Set the listing down once more, exactly as given.

*** Begin section ***

section \<open>Displacement of \<open>\<Psi>\<^sub>\<delta>\<close>\<close>

lemma Psi_low_displacement:
  assumes \<delta>: "\<bar>\<delta>\<bar> < 1" and W: "\<And>r. 0 < r \<Longrightarrow> r < 1/2 \<Longrightarrow> wmax r \<le> W" "0 \<le> W"
    and y: "0 \<le> y1" "y1 \<le> 1" "0 \<le> y2" "y2 < 1/2"
  shows "norm (Psi_low h \<delta> (y1, y2) - (y1, y2)) \<le> 12 * W * \<bar>\<delta>\<bar> * infdist (y1, y2) {(0,0), (1,0)}"
proof (cases "(y1, y2) = (1/2, 0)")
  case True
  have "0 \<le> 12 * W * \<bar>\<delta>\<bar> * infdist (y1, y2) {(0,0), (1,0)}"
    using W(2) by (simp add: infdist_nonneg)
  with True show ?thesis by (simp add: Psi_low_def)
next
  case False
  obtain r \<theta> where K: "K h (y1, y2) = (r, \<theta>)" by fastforce
  then have r: "0 < r" "r < 1/2" and \<theta>: "-1 \<le> \<theta>" "\<theta> \<le> 1" and y: "Kinv h (r, \<theta>) = (y1, y2)"
    using K_inverse[OF y False] by auto
  define g where "g = gfun h \<delta> r \<theta>"
  define A where "A = (r + h r) * Theta h r"
  have A: "0 \<le> A" using h_nonneg[of r] Theta_bounds[OF r] r by (simp add: A_def)
  have "Psi_low h \<delta> (y1, y2) = Kinv h (r, g)"
    unfolding Psi_low_def if_not_P[OF False] K by (simp add: g_def)
  then have "norm (Psi_low h \<delta> (y1, y2) - (y1, y2)) = norm (Kinv h (r, g) - Kinv h (r, \<theta>))"
    by (simp add: y)
  also have "\<dots> \<le> 2 * A * \<bar>g - \<theta>\<bar>"
    using Kinv_lipschitz[OF r, of g \<theta>] by (simp add: A_def algebra_simps)
  also have "\<dots> \<le> 2 * A * (\<bar>\<delta>\<bar> * W * (1 - \<bar>\<theta>\<bar>))"
  proof -
    have "\<bar>\<delta>\<bar> * wmax r * (1 - \<bar>\<theta>\<bar>) \<le> \<bar>\<delta>\<bar> * W * (1 - \<bar>\<theta>\<bar>)"
      using W(1)[OF r] \<theta> by (intro mult_right_mono mult_left_mono) auto
    then have "\<bar>g - \<theta>\<bar> \<le> \<bar>\<delta>\<bar> * W * (1 - \<bar>\<theta>\<bar>)"
      using gfun_displacement(2)[OF r \<delta> \<theta>] unfolding g_def by linarith
    then show ?thesis using A by (intro mult_left_mono) auto
  qed
  also have "\<dots> = 2 * W * \<bar>\<delta>\<bar> * (A * (1 - \<bar>\<theta>\<bar>))" by (simp add: algebra_simps)
  also have "\<dots> \<le> 2 * W * \<bar>\<delta>\<bar> * (6 * infdist (y1, y2) {(0,0), (1,0)})"
    using arc_le_infdist[OF r \<theta>] y W(2) by (intro mult_left_mono) (simp_all add: A_def)
  finally show ?thesis by simp
qed

lemma Psi_displacement:
  assumes \<delta>: "\<bar>\<delta>\<bar> < 1" and W: "\<And>r. 0 < r \<Longrightarrow> r < 1/2 \<Longrightarrow> wmax r \<le> W" "1 \<le> W"
    and x: "x \<in> {0..1} \<times> {0..1}"
  shows "norm (Psi h \<delta> x - x) \<le> 12 * W * \<bar>\<delta>\<bar> * infdist x corners"
proof -
  obtain x1 x2 where x12: "x = (x1, x2)" by fastforce
  have x1: "0 \<le> x1" "x1 \<le> 1" and x2: "0 \<le> x2" "x2 \<le> 1" using x x12 by auto
  note low = Psi_low_displacement[OF \<delta> W(1) _ x1]
  consider "x2 < 1/2" | "x2 = 1/2" | "1/2 < x2" by linarith
  then show ?thesis
  proof cases
    case 1
    then show ?thesis
      using low[of x2] W x2 by (simp add: x12 Psi_lower_half infdist_corners_lower_half)
  next
    case 2
    have "norm (Psi h \<delta> x - x) \<le> \<bar>\<delta>\<bar> * (2 * infdist x corners)"
      using Psi_mid_line_displacement[OF x1, of h \<delta>] infdist_corners_mid_line[of x1]
        mult_left_mono[of 1 "2 * infdist x corners" "\<bar>\<delta>\<bar>"]
      by (simp add: x12 2)
    also have "\<dots> \<le> 12 * W * \<bar>\<delta>\<bar> * infdist x corners"
      using W(2) infdist_nonneg[of x corners] mult_right_mono[of 2 "12 * W" "\<bar>\<delta>\<bar> * infdist x corners"]
      by (simp add: algebra_simps)
    finally show ?thesis .
  next
    case 3
    then show ?thesis
      using low[of "1 - x2"] W x2 Psi_upper_half_displacement[OF 3, of h \<delta> x1]
        infdist_corners_reflect[of x1 x2] infdist_corners_lower_half[of "1 - x2" x1]
      by (simp add: x12)
  qed
qed

end

theorem proposition2p6:
  fixes h h1 h2 h3 :: "real \<Rightarrow> real"
  assumes nonneg: "\<forall>r\<in>{0..<1/2}. h r \<ge> 0"
    and mono: "mono_on {0..<1/2} h"
    and zero: "\<forall>r\<in>{0..1/10}. h r = 0"
    and blowup: "filterlim h at_top (at_left (1/2))"
    and d1: "\<forall>r\<in>{0..<1/2}. (h has_real_derivative h1 r) (at r within {0..<1/2})"
    and d2: "\<forall>r\<in>{0..<1/2}. (h1 has_real_derivative h2 r) (at r within {0..<1/2})"
    and d3: "\<forall>r\<in>{0..<1/2}. (h2 has_real_derivative h3 r) (at r within {0..<1/2})"
    and c3: "continuous_on {0..<1/2} h3"
    and O1: "\<exists>M. \<forall>r\<in>{0<..<1/2}. \<bar>(h1 r)\<^sup>2\<bar> \<le> M * (r + h r) ^ 3"
    and O2: "\<exists>M. \<forall>r\<in>{0<..<1/2}. \<bar>h2 r * h1 r\<bar> \<le> M * (r + h r) ^ 3"
    and O3: "\<exists>M. \<forall>r\<in>{0<..<1/2}. \<bar>h3 r\<bar> \<le> M * (r + h r) ^ 2"
  shows "\<exists>C>0. \<forall>\<delta>::real. -1 < \<delta> \<and> \<delta> < 1 \<longrightarrow>
           (\<forall>x \<in> {0..1} \<times> {0..1}.
              norm (Psi h \<delta> x - x) \<le> C * \<bar>\<delta>\<bar> * infdist x corners)"
proof -
  interpret profile h h1
    using nonneg mono zero blowup d1 O1 by unfold_locales
  obtain W where "\<forall>r\<in>{0<..<1/2}. wmax r \<le> W" using wmax_bounded by blast
  then have W: "\<And>r. 0 < r \<Longrightarrow> r < 1/2 \<Longrightarrow> wmax r \<le> max 1 W" "1 \<le> max 1 W"
    by (auto simp: le_max_iff_disj)
  show ?thesis
    using Psi_displacement[OF _ W] by (intro exI[of _ "12 * max 1 W"]) (auto simp: abs_less_iff)
qed

end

*** End section ***

Output for this task:
section \<open>Displacement of \<open>\<Psi>\<^sub>\<delta>\<close>\<close>

lemma Psi_low_displacement:
  assumes \<delta>: "\<bar>\<delta>\<bar> < 1" and W: "\<And>r. 0 < r \<Longrightarrow> r < 1/2 \<Longrightarrow> wmax r \<le> W" "0 \<le> W"
    and y: "0 \<le> y1" "y1 \<le> 1" "0 \<le> y2" "y2 < 1/2"
  shows "norm (Psi_low h \<delta> (y1, y2) - (y1, y2)) \<le> 12 * W * \<bar>\<delta>\<bar> * infdist (y1, y2) {(0,0), (1,0)}"
proof (cases "(y1, y2) = (1/2, 0)")
  case True
  have "0 \<le> 12 * W * \<bar>\<delta>\<bar> * infdist (y1, y2) {(0,0), (1,0)}"
    using W(2) by (simp add: infdist_nonneg)
  with True show ?thesis by (simp add: Psi_low_def)
next
  case False
  obtain r \<theta> where K: "K h (y1, y2) = (r, \<theta>)" by fastforce
  then have r: "0 < r" "r < 1/2" and \<theta>: "-1 \<le> \<theta>" "\<theta> \<le> 1" and y: "Kinv h (r, \<theta>) = (y1, y2)"
    using K_inverse[OF y False] by auto
  define g where "g = gfun h \<delta> r \<theta>"
  define A where "A = (r + h r) * Theta h r"
  have A: "0 \<le> A" using h_nonneg[of r] Theta_bounds[OF r] r by (simp add: A_def)
  have "Psi_low h \<delta> (y1, y2) = Kinv h (r, g)"
    unfolding Psi_low_def if_not_P[OF False] K by (simp add: g_def)
  then have "norm (Psi_low h \<delta> (y1, y2) - (y1, y2)) = norm (Kinv h (r, g) - Kinv h (r, \<theta>))"
    by (simp add: y)
  also have "\<dots> \<le> 2 * A * \<bar>g - \<theta>\<bar>"
    using Kinv_lipschitz[OF r, of g \<theta>] by (simp add: A_def algebra_simps)
  also have "\<dots> \<le> 2 * A * (\<bar>\<delta>\<bar> * W * (1 - \<bar>\<theta>\<bar>))"
  proof -
    have "\<bar>\<delta>\<bar> * wmax r * (1 - \<bar>\<theta>\<bar>) \<le> \<bar>\<delta>\<bar> * W * (1 - \<bar>\<theta>\<bar>)"
      using W(1)[OF r] \<theta> by (intro mult_right_mono mult_left_mono) auto
    then have "\<bar>g - \<theta>\<bar> \<le> \<bar>\<delta>\<bar> * W * (1 - \<bar>\<theta>\<bar>)"
      using gfun_displacement(2)[OF r \<delta> \<theta>] unfolding g_def by linarith
    then show ?thesis using A by (intro mult_left_mono) auto
  qed
  also have "\<dots> = 2 * W * \<bar>\<delta>\<bar> * (A * (1 - \<bar>\<theta>\<bar>))" by (simp add: algebra_simps)
  also have "\<dots> \<le> 2 * W * \<bar>\<delta>\<bar> * (6 * infdist (y1, y2) {(0,0), (1,0)})"
    using arc_le_infdist[OF r \<theta>] y W(2) by (intro mult_left_mono) (simp_all add: A_def)
  finally show ?thesis by simp
qed

lemma Psi_displacement:
  assumes \<delta>: "\<bar>\<delta>\<bar> < 1" and W: "\<And>r. 0 < r \<Longrightarrow> r < 1/2 \<Longrightarrow> wmax r \<le> W" "1 \<le> W"
    and x: "x \<in> {0..1} \<times> {0..1}"
  shows "norm (Psi h \<delta> x - x) \<le> 12 * W * \<bar>\<delta>\<bar> * infdist x corners"
proof -
  obtain x1 x2 where x12: "x = (x1, x2)" by fastforce
  have x1: "0 \<le> x1" "x1 \<le> 1" and x2: "0 \<le> x2" "x2 \<le> 1" using x x12 by auto
  note low = Psi_low_displacement[OF \<delta> W(1) _ x1]
  consider "x2 < 1/2" | "x2 = 1/2" | "1/2 < x2" by linarith
  then show ?thesis
  proof cases
    case 1
    then show ?thesis
      using low[of x2] W x2 by (simp add: x12 Psi_lower_half infdist_corners_lower_half)
  next
    case 2
    have "norm (Psi h \<delta> x - x) \<le> \<bar>\<delta>\<bar> * (2 * infdist x corners)"
      using Psi_mid_line_displacement[OF x1, of h \<delta>] infdist_corners_mid_line[of x1]
        mult_left_mono[of 1 "2 * infdist x corners" "\<bar>\<delta>\<bar>"]
      by (simp add: x12 2)
    also have "\<dots> \<le> 12 * W * \<bar>\<delta>\<bar> * infdist x corners"
      using W(2) infdist_nonneg[of x corners] mult_right_mono[of 2 "12 * W" "\<bar>\<delta>\<bar> * infdist x corners"]
      by (simp add: algebra_simps)
    finally show ?thesis .
  next
    case 3
    then show ?thesis
      using low[of "1 - x2"] W x2 Psi_upper_half_displacement[OF 3, of h \<delta> x1]
        infdist_corners_reflect[of x1 x2] infdist_corners_lower_half[of "1 - x2" x1]
      by (simp add: x12)
  qed
qed

end

theorem proposition2p6:
  fixes h h1 h2 h3 :: "real \<Rightarrow> real"
  assumes nonneg: "\<forall>r\<in>{0..<1/2}. h r \<ge> 0"
    and mono: "mono_on {0..<1/2} h"
    and zero: "\<forall>r\<in>{0..1/10}. h r = 0"
    and blowup: "filterlim h at_top (at_left (1/2))"
    and d1: "\<forall>r\<in>{0..<1/2}. (h has_real_derivative h1 r) (at r within {0..<1/2})"
    and d2: "\<forall>r\<in>{0..<1/2}. (h1 has_real_derivative h2 r) (at r within {0..<1/2})"
    and d3: "\<forall>r\<in>{0..<1/2}. (h2 has_real_derivative h3 r) (at r within {0..<1/2})"
    and c3: "continuous_on {0..<1/2} h3"
    and O1: "\<exists>M. \<forall>r\<in>{0<..<1/2}. \<bar>(h1 r)\<^sup>2\<bar> \<le> M * (r + h r) ^ 3"
    and O2: "\<exists>M. \<forall>r\<in>{0<..<1/2}. \<bar>h2 r * h1 r\<bar> \<le> M * (r + h r) ^ 3"
    and O3: "\<exists>M. \<forall>r\<in>{0<..<1/2}. \<bar>h3 r\<bar> \<le> M * (r + h r) ^ 2"
  shows "\<exists>C>0. \<forall>\<delta>::real. -1 < \<delta> \<and> \<delta> < 1 \<longrightarrow>
           (\<forall>x \<in> {0..1} \<times> {0..1}.
              norm (Psi h \<delta> x - x) \<le> C * \<bar>\<delta>\<bar> * infdist x corners)"
proof -
  interpret profile h h1
    using nonneg mono zero blowup d1 O1 by unfold_locales
  obtain W where "\<forall>r\<in>{0<..<1/2}. wmax r \<le> W" using wmax_bounded by blast
  then have W: "\<And>r. 0 < r \<Longrightarrow> r < 1/2 \<Longrightarrow> wmax r \<le> max 1 W" "1 \<le> max 1 W"
    by (auto simp: le_max_iff_disj)
  show ?thesis
    using Psi_displacement[OF _ W] by (intro exI[of _ "12 * max 1 W"]) (auto simp: abs_less_iff)
qed

end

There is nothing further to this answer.